----- ENTRIES SUPPLIED

(*
  (i) The previous optimal plan, shifted by one step and corrected by the closed-loop
  response A_K^j w(k) to the realised disturbance, is feasible for the horizon N - 1:
  the extra term is absorbed by the tightening, because S(j+1) = S(j) + A_K^j W, and by
  the terminal set, which grows by A_K^(N-1) W. In the other branch the untightened
  problem has finite optimal value and hence is feasible.

  (ii) By the triangle inequality the cost of this candidate is at most
  J_k - 1 + gz * sum_j |A_K^j w| + gv * sum_j |K A_K^j w|; both series converge because
  the powers of the Schur matrix A_K decay exponentially, and by the choice of lambda the
  bracket is at most 1 - lambda. Optimality of the new plan finishes the argument.
*)

theory Submission
  imports Defs "Jordan_Normal_Form.Spectral_Radius"
begin

no_notation Matrix.vec_index (infixl "$" 100)

section \<open>Exponential decay of powers of Schur matrices\<close>

text \<open>Cartesian matrices of HOL-Analysis are transferred to the index-based matrices of
  Jordan_Normal_Form along an arbitrary enumeration of the finite index type.\<close>

definition cart_index :: "nat \<Rightarrow> 'n::finite" where
  "cart_index = (SOME g. bij_betw g {..<CARD('n)} UNIV)"

definition cart_pos :: "'n::finite \<Rightarrow> nat" where
  "cart_pos = inv_into {..<CARD('n)} cart_index"

lemma bij_betw_cart_index: "bij_betw (cart_index :: nat \<Rightarrow> 'n::finite) {..<CARD('n)} UNIV"
proof -
  have "bij_betw (from_nat_into (UNIV :: 'n set)) {..<CARD('n)} UNIV"
    using bij_betw_from_nat_into_finite[of "UNIV :: 'n set"] by simp
  then show ?thesis
    unfolding cart_index_def by (rule someI[where P = "\<lambda>g. bij_betw g {..<CARD('n)} UNIV"])
qed

lemma cart_pos_less: "cart_pos (a :: 'n::finite) < CARD('n)"
  unfolding cart_pos_def using bij_betw_cart_index
  by (metis bij_betw_def inv_into_into lessThan_iff UNIV_I)

lemma cart_index_pos [simp]: "cart_index (cart_pos a) = a"
  unfolding cart_pos_def using bij_betw_cart_index by (meson bij_betw_inv_into_right UNIV_I)

lemma cart_pos_index [simp]: "i < CARD('n::finite) \<Longrightarrow> cart_pos (cart_index i :: 'n) = i"
  unfolding cart_pos_def using bij_betw_cart_index by (meson bij_betw_inv_into_left lessThan_iff)

lemma sum_UNIV_cart_index: "(\<Sum>a\<in>UNIV. f a) = (\<Sum>i<CARD('n::finite). f (cart_index i :: 'n))"
  using sum.reindex_bij_betw[OF bij_betw_cart_index, of f] by simp

definition mat_of_cart :: "real^'n^'n \<Rightarrow> complex mat" where
  "mat_of_cart M = Matrix.mat CARD('n) CARD('n)
     (\<lambda>(i, j). complex_of_real (M $ cart_index i $ cart_index j))"

definition vec_of_cart :: "complex^'n \<Rightarrow> complex Matrix.vec" where
  "vec_of_cart u = Matrix.vec CARD('n) (\<lambda>i. u $ cart_index i)"

definition cart_of_vec :: "complex Matrix.vec \<Rightarrow> complex^'n::finite" where
  "cart_of_vec v = (\<chi> a. Matrix.vec_index v (cart_pos a))"

lemma mat_of_cart_carrier [simp]: "mat_of_cart (M :: real^'n^'n) \<in> carrier_mat CARD('n) CARD('n)"
  by (simp add: mat_of_cart_def)

lemma vec_of_cart_carrier [simp]: "vec_of_cart (u :: complex^'n) \<in> carrier_vec CARD('n)"
  by (simp add: vec_of_cart_def)

lemma vec_of_cart_of_vec:
  "v \<in> carrier_vec CARD('n::finite) \<Longrightarrow> vec_of_cart (cart_of_vec v :: complex^'n) = v"
  by (rule eq_vecI) (auto simp: vec_of_cart_def cart_of_vec_def)

lemma mat_of_cart_mult_vec:
  "mat_of_cart M *\<^sub>v vec_of_cart u = vec_of_cart (\<chi> i. \<Sum>j\<in>UNIV. complex_of_real (M$i$j) * u$j)"
  by (rule eq_vecI)
    (auto simp: mat_of_cart_def vec_of_cart_def scalar_prod_def atLeast0LessThan
      sum_UNIV_cart_index)

lemma mat_of_cart_mult: "mat_of_cart (M ** N) = mat_of_cart M * mat_of_cart (N :: real^'n^'n)"
  by (rule eq_matI)
    (auto simp: mat_of_cart_def matrix_matrix_mult_def scalar_prod_def atLeast0LessThan
      sum_UNIV_cart_index)

lemma mat_of_cart_mpow: "mat_of_cart (mpow M k) = mat_of_cart M ^\<^sub>m k"
proof (induction k)
  case 0
  show ?case
    by (rule eq_matI) (auto simp: mat_of_cart_def Finite_Cartesian_Product.mat_def,
        metis cart_pos_index)
next
  case (Suc k)
  have "mpow M (Suc k) = mpow M k ** M"
    by (induction k) (simp_all add: matrix_mul_assoc)
  then show ?case
    using Suc by (simp add: mat_of_cart_mult)
qed

definition cart_eigenvalue :: "real^'n^'n \<Rightarrow> complex \<Rightarrow> bool" where
  "cart_eigenvalue M c \<longleftrightarrow> (\<exists>u :: complex^'n. u \<noteq> 0 \<and>
     (\<chi> i. \<Sum>j\<in>UNIV. complex_of_real (M$i$j) * u$j) = (\<chi> i. c * u$i))"

lemma is_schur_iff: "is_schur M \<longleftrightarrow> (\<forall>c. cart_eigenvalue M c \<longrightarrow> cmod c < 1)"
  unfolding is_schur_def cart_eigenvalue_def by blast

lemma vec_of_cart_inject: "vec_of_cart u = vec_of_cart u' \<longleftrightarrow> u = (u' :: complex^'n)"
proof
  assume eq: "vec_of_cart u = vec_of_cart u'"
  have "u $ a = u' $ a" for a
    using arg_cong[OF eq, of "\<lambda>v. Matrix.vec_index v (cart_pos a)"]
    by (simp add: vec_of_cart_def cart_pos_less)
  then show "u = u'"
    by (simp add: Finite_Cartesian_Product.vec_eq_iff)
qed simp

lemma vec_of_cart_eq_0_iff: "vec_of_cart u = 0\<^sub>v CARD('n) \<longleftrightarrow> (u :: complex^'n) = 0"
proof -
  have "0\<^sub>v CARD('n) = vec_of_cart (0 :: complex^'n)"
    by (rule eq_vecI) (auto simp: vec_of_cart_def)
  then show ?thesis
    by (simp add: vec_of_cart_inject)
qed

lemma vec_of_cart_scale: "vec_of_cart (\<chi> i. c * u$i) = c \<cdot>\<^sub>v vec_of_cart u"
  by (rule eq_vecI) (auto simp: vec_of_cart_def)

lemma eigenvalue_mat_of_cart_iff:
  "eigenvalue (mat_of_cart (M :: real^'n^'n)) c \<longleftrightarrow> cart_eigenvalue M c"
proof
  assume "eigenvalue (mat_of_cart M) c"
  then obtain v where v: "v \<in> carrier_vec CARD('n)" "v \<noteq> 0\<^sub>v CARD('n)"
    "mat_of_cart M *\<^sub>v v = c \<cdot>\<^sub>v v"
    unfolding eigenvalue_def eigenvector_def by (auto simp: mat_of_cart_def)
  define u :: "complex^'n" where "u = cart_of_vec v"
  have v_eq: "v = vec_of_cart u"
    unfolding u_def using v(1) by (rule vec_of_cart_of_vec[symmetric])
  have "vec_of_cart (\<chi> i. \<Sum>j\<in>UNIV. complex_of_real (M$i$j) * u$j) = vec_of_cart (\<chi> i. c * u$i)"
    using v(3) unfolding v_eq mat_of_cart_mult_vec vec_of_cart_scale .
  moreover have "u \<noteq> 0"
    using v(2) unfolding v_eq vec_of_cart_eq_0_iff .
  ultimately show "cart_eigenvalue M c"
    unfolding cart_eigenvalue_def vec_of_cart_inject by blast
next
  assume "cart_eigenvalue M c"
  then obtain u :: "complex^'n" where u: "u \<noteq> 0"
    and eq: "(\<chi> i. \<Sum>j\<in>UNIV. complex_of_real (M$i$j) * u$j) = (\<chi> i. c * u$i)"
    unfolding cart_eigenvalue_def by blast
  have "eigenvector (mat_of_cart M) (vec_of_cart u) c"
    unfolding eigenvector_def mat_of_cart_mult_vec eq vec_of_cart_scale
    using u by (simp add: vec_of_cart_eq_0_iff mat_of_cart_def)
  then show "eigenvalue (mat_of_cart M) c"
    unfolding eigenvalue_def by blast
qed

lemma cart_eigenvalue_le_spectral_radius:
  assumes "cart_eigenvalue (M :: real^'n^'n) c"
  shows "cmod c \<le> spectral_radius (mat_of_cart M)"
proof (rule spectral_radius_mem_max(2)[OF mat_of_cart_carrier])
  show "cmod c \<in> cmod ` spectrum (mat_of_cart M)"
    using assms by (simp add: spectrum_def eigenvalue_mat_of_cart_iff)
qed simp

lemma is_schur_iff_spectral_radius:
  "is_schur (M :: real^'n^'n) \<longleftrightarrow> spectral_radius (mat_of_cart M) < 1"
proof -
  obtain c where c: "cart_eigenvalue M c" "spectral_radius (mat_of_cart M) = cmod c"
    using spectral_radius_mem_max(1)[OF mat_of_cart_carrier[of M]]
    by (auto simp: spectrum_def eigenvalue_mat_of_cart_iff)
  show ?thesis
  proof
    assume "is_schur M"
    then show "spectral_radius (mat_of_cart M) < 1"
      using c unfolding is_schur_iff by simp
  next
    assume "spectral_radius (mat_of_cart M) < 1"
    then show "is_schur M"
      unfolding is_schur_iff using cart_eigenvalue_le_spectral_radius by fastforce
  qed
qed

lemma cart_eigenvalue_scaleR:
  assumes "cart_eigenvalue M c"
  shows "cart_eigenvalue (t *\<^sub>R M) (complex_of_real t * c)"
proof -
  obtain u where u: "u \<noteq> 0" "\<And>i. (\<Sum>j\<in>UNIV. complex_of_real (M$i$j) * u$j) = c * u$i"
    using assms unfolding cart_eigenvalue_def Finite_Cartesian_Product.vec_eq_iff by auto
  have "(\<Sum>j\<in>UNIV. complex_of_real ((t *\<^sub>R M)$i$j) * u$j) = complex_of_real t * c * u$i" for i
    using u(2)[of i] by (simp add: sum_distrib_left[symmetric] mult.assoc)
  with u(1) show ?thesis
    unfolding cart_eigenvalue_def Finite_Cartesian_Product.vec_eq_iff by auto
qed

lemma mpow_scaleR: "mpow (t *\<^sub>R M) k = t ^ k *\<^sub>R mpow M k"
  by (induction k) (simp_all add: scalar_matrix_assoc[symmetric] matrix_scalar_ac)

lemma is_schur_bounded_mpow:
  assumes "is_schur M"
  obtains C where "\<And>k a b. \<bar>mpow M k $ a $ b\<bar> \<le> C"
proof -
  obtain C where C: "\<And>k. norm_bound (mat_of_cart M ^\<^sub>m k) C"
    using spectral_radius_jnf_norm_bound_less_1_upper_triangular[OF mat_of_cart_carrier] assms
    unfolding is_schur_iff_spectral_radius by blast
  have "\<bar>mpow M k $ a $ b\<bar> \<le> C" for k a b
    using C[of k, folded mat_of_cart_mpow] cart_pos_less[of a] cart_pos_less[of b]
    unfolding norm_bound_def by (force simp: mat_of_cart_def)
  then show thesis by (rule that)
qed

lemma is_schur_exponential_decay:
  fixes M :: "real^'n^'n"
  assumes "is_schur M"
  obtains C \<rho> where "0 < \<rho>" "\<rho> < 1" "\<And>k w. norm (mpow M k *v w) \<le> C * \<rho> ^ k * norm w"
proof -
  txt \<open>The library only bounds the powers when the spectral radius is below 1; applied to
    \<open>M /\<^sub>R \<rho>\<close> with spectral radius below \<open>\<rho> < 1\<close> this yields the rate \<open>\<rho>\<close>.\<close>
  define \<rho> where "\<rho> = (1 + spectral_radius (mat_of_cart M)) / 2"
  have sr: "0 \<le> spectral_radius (mat_of_cart M)" "spectral_radius (mat_of_cart M) < 1"
    using spectral_radius_mem_max(1)[OF mat_of_cart_carrier, of M] assms
    by (auto simp: is_schur_iff_spectral_radius)
  then have \<rho>: "0 < \<rho>" "\<rho> < 1" "spectral_radius (mat_of_cart M) < \<rho>"
    unfolding \<rho>_def by auto
  have "is_schur (inverse \<rho> *\<^sub>R M)"
    unfolding is_schur_iff
  proof (intro allI impI)
    fix c assume "cart_eigenvalue (inverse \<rho> *\<^sub>R M) c"
    then have "cart_eigenvalue (\<rho> *\<^sub>R (inverse \<rho> *\<^sub>R M)) (complex_of_real \<rho> * c)"
      by (rule cart_eigenvalue_scaleR)
    then have "cart_eigenvalue M (complex_of_real \<rho> * c)"
      using \<rho>(1) by simp
    then have "cmod (complex_of_real \<rho> * c) \<le> spectral_radius (mat_of_cart M)"
      by (rule cart_eigenvalue_le_spectral_radius)
    then have "\<rho> * cmod c \<le> spectral_radius (mat_of_cart M)"
      using \<rho>(1) by (simp add: norm_mult)
    then have "\<rho> * cmod c < \<rho> * 1"
      using \<rho>(3) by linarith
    then show "cmod c < 1"
      using \<rho>(1) by (simp only: mult_less_cancel_left_pos)
  qed
  then obtain C where C: "\<And>k a b. \<bar>mpow (inverse \<rho> *\<^sub>R M) k $ a $ b\<bar> \<le> C"
    using is_schur_bounded_mpow by blast
  have entries: "\<bar>mpow M k $ a $ b\<bar> \<le> \<rho> ^ k * C" for k a b
  proof -
    have "mpow M k = \<rho> ^ k *\<^sub>R mpow (inverse \<rho> *\<^sub>R M) k"
      using \<rho>(1) by (simp add: mpow_scaleR field_simps)
    then show ?thesis
      using C[of k a b] \<rho>(1) by (simp add: abs_mult mult_left_mono)
  qed
  have "norm (mpow M k *v w) \<le> (real CARD('n) * real CARD('n) * C) * \<rho> ^ k * norm w" for k w
  proof -
    have "norm (mpow M k *v w) \<le> onorm ((*v) (mpow M k)) * norm w"
      by (rule onorm[OF matrix_vector_mul_bounded_linear])
    also have "\<dots> \<le> real CARD('n) * real CARD('n) * (\<rho> ^ k * C) * norm w"
      by (intro mult_right_mono onorm_le_matrix_component entries norm_ge_zero)
    finally show ?thesis
      by (simp add: algebra_simps)
  qed
  with \<rho>(1,2) show thesis
    by (rule that)
qed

----------

**INSTRUCTIONS FOR THE TASK**
Copy exactly the stretch of data above from the line with "(a :: 'n::finite)" through the line with "< CARD('n::finite) \<Longrightarrow>", and omit all other lines.

**ANSWER BOX**
lemma cart_pos_less: "cart_pos (a :: 'n::finite) < CARD('n)"
  unfolding cart_pos_def using bij_betw_cart_index
  by (metis bij_betw_def inv_into_into lessThan_iff UNIV_I)

lemma cart_index_pos [simp]: "cart_index (cart_pos a) = a"
  unfolding cart_pos_def using bij_betw_cart_index by (meson bij_betw_inv_into_right UNIV_I)

lemma cart_pos_index [simp]: "i < CARD('n::finite) \<Longrightarrow> cart_pos (cart_index i :: 'n) = i"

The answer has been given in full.